Read the last 6 months of incident reports — look for action items that were never assigned
Pull the roadmap and ask when every item was last reprioritized and by whom
Sit in sprint reviews as an observer — watch what gets escalated and what gets silently dropped
Find the post-mortem that names a systemic problem that shows up again in a later incident
Ask each direct report: what decision has been waiting longest for an owner?
D30
Day 30–60
Build the shared frame — before you move
Resist the pull to fix the visible problem. The visible problem is almost never the real problem. Use this phase to understand whose version of reality will collide with yours when you start moving.
Watch out for
The person who seems most aligned in one-on-ones is often the first to sandbag a decision when it goes to a broader audience. Map the gap between private alignment and public behaviour before you present anything consequential.
D60
Day 60–90
Signal your actual model
By day 60, the org has already formed a view of you. The clearest signal you can send isn't a reorg or a strategy deck. It's how you navigate one difficult conversation that crosses the product-engineering seam.
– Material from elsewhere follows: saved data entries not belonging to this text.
lemma QFP_adj_comp_energy_norm:
  fixes p :: "'n::finite phase_space" and \<omega> \<gamma> Dpp Dqq Dpq :: real
  assumes G: "\<And>t. (G has_real_derivative G' t) (at t)" "\<And>t. (G' has_real_derivative G'' t) (at t)"
    and K: "\<And>t. (K has_real_derivative K' t) (at t)" "\<And>t. (K' has_real_derivative K'' t) (at t)"
  defines "\<Phi> \<equiv> energy \<omega> \<gamma> p" and "\<Psi> \<equiv> (norm p)\<^sup>2"
  shows "QFP_adj \<omega> \<gamma> Dpp Dqq Dpq (\<lambda>p. G (energy \<omega> \<gamma> p) * K ((norm p)\<^sup>2)) p =
      G' \<Phi> * K \<Psi> * adj_energy \<omega> \<gamma> Dpp Dqq Dpq p
    + G \<Phi> * K' \<Psi> * adj_norm_square \<omega> \<gamma> Dpp Dqq p
    - G'' \<Phi> * K \<Psi> * diffusion_form Dpp Dqq Dpq (energy_grad \<omega> \<gamma> p) (energy_grad \<omega> \<gamma> p)
    - 2 * G' \<Phi> * K' \<Psi> * diffusion_form Dpp Dqq Dpq (energy_grad \<omega> \<gamma> p) (2 *\<^sub>R p)
    - G \<Phi> * K'' \<Psi> * diffusion_form Dpp Dqq Dpq (2 *\<^sub>R p) (2 *\<^sub>R p)"
    (is "?L = ?R")
proof -
  define E where "E j = (let x = fst p $ j; y = snd p $ j; b = 2 * \<gamma> * x + y; a = 2 * \<omega>\<^sup>2 * x + 4 * \<gamma> * b in
      G' \<Phi> * K \<Psi> * (4 * \<omega>\<^sup>2 * \<gamma> * x\<^sup>2 - (2 * Dpp + Dqq * (2 * \<omega>\<^sup>2 + 8 * \<gamma>\<^sup>2) + 8 * \<gamma> * Dpq))
    + G \<Phi> * K' \<Psi> * ((2 * \<omega>\<^sup>2 - 2) * x * y + 4 * \<gamma> * y\<^sup>2 - 2 * (Dpp + Dqq))
    - G'' \<Phi> * K \<Psi> * (Dpp * (2 * b)\<^sup>2 + Dqq * a\<^sup>2 + 2 * Dpq * a * (2 * b))
    - 2 * G' \<Phi> * K' \<Psi> * (Dpp * (2 * b) * (2 * y) + Dqq * a * (2 * x) + Dpq * (a * (2 * y) + 2 * b * (2 * x)))
    - G \<Phi> * K'' \<Psi> * (Dpp * (2 * y)\<^sup>2 + Dqq * (2 * x)\<^sup>2 + 2 * Dpq * (2 * x) * (2 * y)))" for j
  note dd = dd_comp_mult[OF energy_has_derivative bounded_linear_energy_grad norm_square_has_derivative
      bounded_linear_scaleR_right G K, folded \<Phi>_def \<Psi>_def]
  let ?f = "\<lambda>p. G (energy \<omega> \<gamma> p) * K ((norm p)\<^sup>2)"
  have "?L = (\<Sum>j\<in>UNIV. - (snd p $ j * dd [ex j] ?f p) + \<omega>\<^sup>2 * (fst p $ j * dd [exi j] ?f p)
      - Dpp * dd [exi j, exi j] ?f p + 2 * \<gamma> * (snd p $ j * dd [exi j] ?f p)
      - Dqq * dd [ex j, ex j] ?f p - 2 * Dpq * dd [ex j, exi j] ?f p)"
    by (simp add: QFP_adj_def Let_def sum.distrib sum_subtractf sum_negf sum_distrib_left)
  also have "\<dots> = (\<Sum>j\<in>UNIV. E j)"
    by (intro sum.cong refl, simp only: dd energy_grad_inner_basis, simp only: inner_ex inner_exi)
      (simp add: E_def Let_def \<Phi>_def \<Psi>_def ex_def exi_def power2_eq_square algebra_simps)
  also have "\<dots> = ?R"
    unfolding E_def Let_def diffusion_form_def energy_grad_def adj_energy_def adj_norm_square_def
    by (simp add: inner_vec_def sum.distrib sum_subtractf sum_distrib_left power2_eq_square algebra_simps)
  finally show ?thesis .
qed

section \<open>Truncated energies as test functions\<close>

lemma energy_eq_inner_energy_grad: "energy \<omega> \<gamma> p = p \<bullet> ((1 / 2) *\<^sub>R energy_grad \<omega> \<gamma> p)"
  by (simp add: energy_def energy_grad_def inner_prod_def inner_add_left inner_add_right algebra_simps)

definition trunc :: "real \<Rightarrow> real \<Rightarrow> real" where
  "trunc R a = a * cutoff (a / R)"

definition trunc' :: "real \<Rightarrow> real \<Rightarrow> real" where
  "trunc' R a = cutoff (a / R) + a / R * cutoff' (a / R)"

definition trunc'' :: "real \<Rightarrow> real \<Rightarrow> real" where
  "trunc'' R a = (2 * cutoff' (a / R) + a / R * cutoff'' (a / R)) / R"

lemma cutoff_scaled_has_real_derivative:
  "((\<lambda>a. cutoff (a / R)) has_real_derivative cutoff' (a / R) / R) (at a)"
  "((\<lambda>a. cutoff' (a / R)) has_real_derivative cutoff'' (a / R) / R) (at a)"
  using DERIV_chain2[OF cutoff_has_real_derivative DERIV_cdivide[OF DERIV_ident, of R]]
    DERIV_chain2[OF cutoff'_has_real_derivative DERIV_cdivide[OF DERIV_ident, of R]]
  by simp_all

lemma trunc_has_real_derivative:
  assumes "R \<noteq> 0"
  shows "(trunc R has_real_derivative trunc' R a) (at a)"
    and "(trunc' R has_real_derivative trunc'' R a) (at a)"
  unfolding trunc_def[abs_def] trunc'_def[abs_def] trunc''_def
  using assms
  by (auto intro!: derivative_eq_intros cutoff_scaled_has_real_derivative simp: field_simps)

lemma cutoff_scaled_derivs_has_real_derivative:
  "((\<lambda>b. cutoff' (b / S) / S) has_real_derivative cutoff'' (b / S) / S\<^sup>2) (at b)"
  using DERIV_cdivide[OF cutoff_scaled_has_real_derivative(2), of S S b]
  by (simp add: power2_eq_square)

text \<open>The cutoff in \<open>|p|\<^sup>2\<close> is needed because the energy is not coercive when \<open>\<omega> = 0\<close>.\<close>

definition test_fn :: "real \<Rightarrow> real \<Rightarrow> real \<Rightarrow> real \<Rightarrow> 'n::finite phase_space \<Rightarrow> real" where
  "test_fn \<omega> \<gamma> R S p = trunc R (energy \<omega> \<gamma> p) * cutoff ((norm p)\<^sup>2 / S)"

lemma test_fun_test_fn:
  assumes "R > 0" "S > 0"
  shows "test_fun (test_fn \<omega> \<gamma> R S :: 'n::finite phase_space \<Rightarrow> real)"
proof -
  let ?C = "smooth_closure (smooth_closure (range flat_poly)) :: ('n phase_space \<Rightarrow> real) set"
  have closed: "derivative_closed (smooth_closure (range flat_poly))"
    by (rule derivative_closed_smooth_closure[OF derivative_closed_flat_poly])
  have energy: "energy \<omega> \<gamma> \<in> ?C"
    unfolding energy_eq_inner_energy_grad[abs_def]
    by (intro smooth_closure.inner bounded_linear_ident bounded_linear_compose[OF
        bounded_linear_scaleR_right bounded_linear_energy_grad])
  have norm: "(\<lambda>p. (norm p)\<^sup>2) \<in> ?C"
    unfolding power2_norm_eq_inner by (intro smooth_closure.inner bounded_linear_ident)
  have "(\<lambda>p. (energy \<omega> \<gamma> p * cutoff (energy \<omega> \<gamma> p * inverse R)) * cutoff ((norm p)\<^sup>2 * inverse S)) \<in> ?C"
    by (intro smooth_closure.mult smooth_closure.compose[OF cutoff_smooth]
        energy norm smooth_closure.const)
  then have "Cinf (test_fn \<omega> \<gamma> R S :: 'n phase_space \<Rightarrow> real)"
    using smooth_closure_Cinf[OF closed]
    by (simp add: test_fn_def[abs_def] trunc_def divide_inverse)
  moreover have "{p. test_fn \<omega> \<gamma> R S p \<noteq> 0} \<subseteq> cball (0 :: 'n phase_space) (sqrt (2 * S))"
  proof
    fix p :: "'n phase_space"
    assume "p \<in> {p. test_fn \<omega> \<gamma> R S p \<noteq> 0}"
    then have "cutoff ((norm p)\<^sup>2 / S) \<noteq> 0" by (auto simp: test_fn_def)
    then have "(norm p)\<^sup>2 / S < 2" using cutoff_eq_0 not_less by blast
    then have "norm p \<le> sqrt (2 * S)" using assms by (simp add: real_le_rsqrt field_simps)
    then show "p \<in> cball 0 (sqrt (2 * S))" by simp
  qed
  then have "bounded {p :: 'n phase_space. test_fn \<omega> \<gamma> R S p \<noteq> 0}"
    by (rule bounded_subset[OF bounded_cball])
  then have "compact (closure {p :: 'n phase_space. test_fn \<omega> \<gamma> R S p \<noteq> 0})"
    by (simp add: compact_eq_bounded_closed bounded_closure)
  ultimately show ?thesis unfolding test_fun_def by simp
qed

lemma continuous_on_cutoff [continuous_intros]:
  "continuous_on S f \<Longrightarrow> continuous_on S (\<lambda>x. cutoff (f x))"
  "continuous_on S f \<Longrightarrow> continuous_on S (\<lambda>x. cutoff' (f x))"
  "continuous_on S f \<Longrightarrow> continuous_on S (\<lambda>x. cutoff'' (f x))"
  using DERIV_isCont[OF cutoff_has_real_derivative] DERIV_isCont[OF cutoff'_has_real_derivative]
    isCont_cutoff''
  by (auto intro!: continuous_on_compose2[of UNIV _ S f] continuous_at_imp_continuous_on)

lemma QFP_adj_test_fn:
  fixes p :: "'n::finite phase_space" and \<omega> \<gamma> R S :: real
  assumes R: "R \<noteq> 0"
  defines "\<Phi> \<equiv> energy \<omega> \<gamma> p" and "v \<equiv> (norm p)\<^sup>2 / S"
  shows "QFP_adj \<omega> \<gamma> Dpp Dqq Dpq (test_fn \<omega> \<gamma> R S) p =
      trunc' R \<Phi> * cutoff v * adj_energy \<omega> \<gamma> Dpp Dqq Dpq p
    + trunc R \<Phi> * (cutoff' v / S) * adj_norm_square \<omega> \<gamma> Dpp Dqq p
    - trunc'' R \<Phi> * cutoff v * diffusion_form Dpp Dqq Dpq (energy_grad \<omega> \<gamma> p) (energy_grad \<omega> \<gamma> p)
    - 2 * trunc' R \<Phi> * (cutoff' v / S) * diffusion_form Dpp Dqq Dpq (energy_grad \<omega> \<gamma> p) (2 *\<^sub>R p)
    - trunc R \<Phi> * (cutoff'' v / S\<^sup>2) * diffusion_form Dpp Dqq Dpq (2 *\<^sub>R p) (2 *\<^sub>R p)"
  unfolding test_fn_def[abs_def] \<Phi>_def v_def
  by (rule QFP_adj_comp_energy_norm[OF trunc_has_real_derivative[OF R]
        cutoff_scaled_has_real_derivative(1) cutoff_scaled_derivs_has_real_derivative])

lemma QFP_adj_trunc_energy:
  fixes p :: "'n::finite phase_space" and \<omega> \<gamma> R :: real
  assumes R: "R \<noteq> 0"
  defines "\<Phi> \<equiv> energy \<omega> \<gamma> p"
  shows "QFP_adj \<omega> \<gamma> Dpp Dqq Dpq (\<lambda>p. trunc R (energy \<omega> \<gamma> p)) p =
      trunc' R \<Phi> * adj_energy \<omega> \<gamma> Dpp Dqq Dpq p
    - trunc'' R \<Phi> * diffusion_form Dpp Dqq Dpq (energy_grad \<omega> \<gamma> p) (energy_grad \<omega> \<gamma> p)"
  using QFP_adj_comp_energy_norm[OF trunc_has_real_derivative[OF R], of "\<lambda>_. 1" "\<lambda>_. 0" "\<lambda>_. 0"]
  by (simp add: \<Phi>_def)

lemma continuous_on_QFP_adj_test_fn:
  assumes "R \<noteq> 0"
  shows "continuous_on UNIV (QFP_adj \<omega> \<gamma> Dpp Dqq Dpq (test_fn \<omega> \<gamma> R S) :: 'n::finite phase_space \<Rightarrow> real)"
  apply (rule continuous_on_cong[OF refl, THEN iffD2], rule QFP_adj_test_fn[OF assms])
  unfolding trunc_def trunc'_def trunc''_def adj_energy_def adj_norm_square_def
    diffusion_form_def energy_def energy_grad_def divide_inverse
  by (intro continuous_intros)

lemma continuous_on_QFP_adj_trunc_energy:
  assumes "R \<noteq> 0"
  shows "continuous_on UNIV (QFP_adj \<omega> \<gamma> Dpp Dqq Dpq (\<lambda>p. trunc R (energy \<omega> \<gamma> p)) :: 'n::finite phase_space \<Rightarrow> real)"
  apply (rule continuous_on_cong[OF refl, THEN iffD2], rule QFP_adj_trunc_energy[OF assms])
  unfolding trunc'_def trunc''_def adj_energy_def
    diffusion_form_def energy_def energy_grad_def divide_inverse
  by (intro continuous_intros)
definition dH_dq :: "(real^'n \<Rightarrow> real^'n \<Rightarrow> real) \<Rightarrow> real^'n \<Rightarrow> real^'n \<Rightarrow> 'n \<Rightarrow> real" where
  "dH_dq H q p i = deriv (\<lambda>s. H (q + s *\<^sub>R axis i 1) p) 0"

definition dH_dp :: "(real^'n \<Rightarrow> real^'n \<Rightarrow> real) \<Rightarrow> real^'n \<Rightarrow> real^'n \<Rightarrow> 'n \<Rightarrow> real" where
  "dH_dp H q p i = deriv (\<lambda>s. H q (p + s *\<^sub>R axis i 1)) 0"

definition hamiltonian_solution ::
  "(real^'n \<Rightarrow> real^'n \<Rightarrow> real) \<Rightarrow> real set \<Rightarrow> (real \<Rightarrow> real^'n) \<Rightarrow> (real \<Rightarrow> real^'n) \<Rightarrow> bool" where
  "hamiltonian_solution H T q p \<longleftrightarrow>
     (\<forall>t\<in>T. (q has_vector_derivative (\<chi> i. dH_dp H (q t) (p t) i)) (at t) \<and>
            (p has_vector_derivative (\<chi> i. - dH_dq H (q t) (p t) i)) (at t))"

end

theory Submission
  imports Defs
begin

text \<open>The map \<open>\<mu>(q, p) = c ad\<^sup>*\<^sub>q p\<close> is the momentum map of the cotangent lift of
  the adjoint action.  For the collective Hamiltonian \<open>H = h \<circ> \<mu>\<close>, Hamilton's equations read
  \<open>q' = c [q, \<xi>]\<close> and \<open>p' = c ad\<^sup>*\<^sub>\<xi> p\<close> with \<open>\<xi> = Dh(\<mu>)\<close>.  By the product rule
  \<open>\<mu>' = c\<^sup>2 (ad\<^sup>*\<^sub>q ad\<^sup>*\<^sub>\<xi> p + ad\<^sup>*\<^bsub>[q,\<xi>]\<^esub> p)\<close>, and the Jacobi identity in the form
  \<open>ad\<^sup>*\<^bsub>[x,y]\<^esub> = ad\<^sup>*\<^sub>y ad\<^sup>*\<^sub>x - ad\<^sup>*\<^sub>x ad\<^sup>*\<^sub>y\<close> collapses this to
  \<open>c\<^sup>2 ad\<^sup>*\<^sub>\<xi> ad\<^sup>*\<^sub>q p = c ad\<^sup>*\<^sub>\<xi> \<mu>\<close>.\<close>

lemma ad_star_eq_adjoint:
  assumes "linear (br x)"
  shows "ad_star br x = adjoint (br x)"
proof
  fix \<alpha>
  have adjoint_pair: "pair (adjoint (br x) \<alpha>) y = pair \<alpha> (br x y)" for y
    using adjoint_clauses(2)[OF assms] by (simp add: pair_def)
  show "ad_star br x \<alpha> = adjoint (br x) \<alpha>"
    unfolding ad_star_def
  proof (rule the_equality)
    fix \<beta> assume "\<forall>y. pair \<beta> y = pair \<alpha> (br x y)"
    then show "\<beta> = adjoint (br x) \<alpha>"
      using adjoint_pair by (intro vector_eq_rdot[THEN iffD1]) (simp add: pair_def)
  qed (use adjoint_pair in blast)
qed

lemma inner_ad_star:
  assumes "bilinear br"
  shows "ad_star br x \<alpha> \<bullet> y = \<alpha> \<bullet> br x y"
  using assms by (simp add: bilinear_def ad_star_eq_adjoint adjoint_clauses(2))

lemma bilinear_ad_star:
  assumes "bilinear br"
  shows "bilinear (ad_star br)"
proof -
  have "ad_star br x (a + b) = ad_star br x a + ad_star br x b"
    and "ad_star br x (c *\<^sub>R a) = c *\<^sub>R ad_star br x a"
    and "ad_star br (a + b) x = ad_star br a x + ad_star br b x"
    and "ad_star br (c *\<^sub>R a) x = c *\<^sub>R ad_star br a x" for x a b c
    by (rule vector_eq_rdot[THEN iffD1],
        simp add: inner_ad_star[OF assms] inner_add_left inner_add_right
          bilinear_ladd[OF assms] bilinear_lmul[OF assms])+
  then show ?thesis
    unfolding bilinear_def by (auto intro!: linearI)
qed

lemma lie_bracket_imp_bilinear: "lie_bracket br \<Longrightarrow> bilinear br"
  unfolding lie_bracket_def by blast

lemma lie_bracket_antisym:
  assumes "lie_bracket br"
  shows "br y x = - br x y"
proof -
  note bl = lie_bracket_imp_bilinear[OF assms]
  have alt: "\<And>x. br x x = 0"
    using assms unfolding lie_bracket_def by blast
  have "br x x + br x y + br y x + br y y = br (x + y) (x + y)"
    by (simp add: bilinear_ladd[OF bl] bilinear_radd[OF bl])
  then have "br x y + br y x = 0" by (simp add: alt)
  then show ?thesis by (simp add: eq_neg_iff_add_eq_0 add.commute)
qed

lemma lie_bracket_jacobi_derivation:
  assumes "lie_bracket br"
  shows "br x (br y z) = br y (br x z) + br (br x y) z"
proof -
  note bl = lie_bracket_imp_bilinear[OF assms]
  have jac: "br x (br y z) + br y (br z x) + br z (br x y) = 0"
    using assms unfolding lie_bracket_def by blast
  have "br y (br z x) = - br y (br x z)"
    using lie_bracket_antisym[OF assms, of x z] bilinear_rneg[OF bl] by simp
  moreover have "br z (br x y) = - br (br x y) z"
    by (rule lie_bracket_antisym[OF assms])
  moreover have "br x (br y z) = - (br y (br z x) + br z (br x y))"
    using jac by (simp only: add.assoc eq_neg_iff_add_eq_0)
  ultimately show ?thesis by simp
qed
Run one prioritization debate where a technical refactor competes with a customer-facing feature — hold both lenses in the same room
Make at least one staffing decision that reflects the integrated view, not a compromise
Be explicit about the tradeoff, not just the outcome — show your reasoning across both sides
The 90-day test
"By day 90, you should have made at least one decision that disappointed someone on each side. Not to prove balance — but because the integrated view genuinely produces different outcomes than optimizing for either side alone. If everyone is happy with you at 90 days, you haven't started doing the job yet."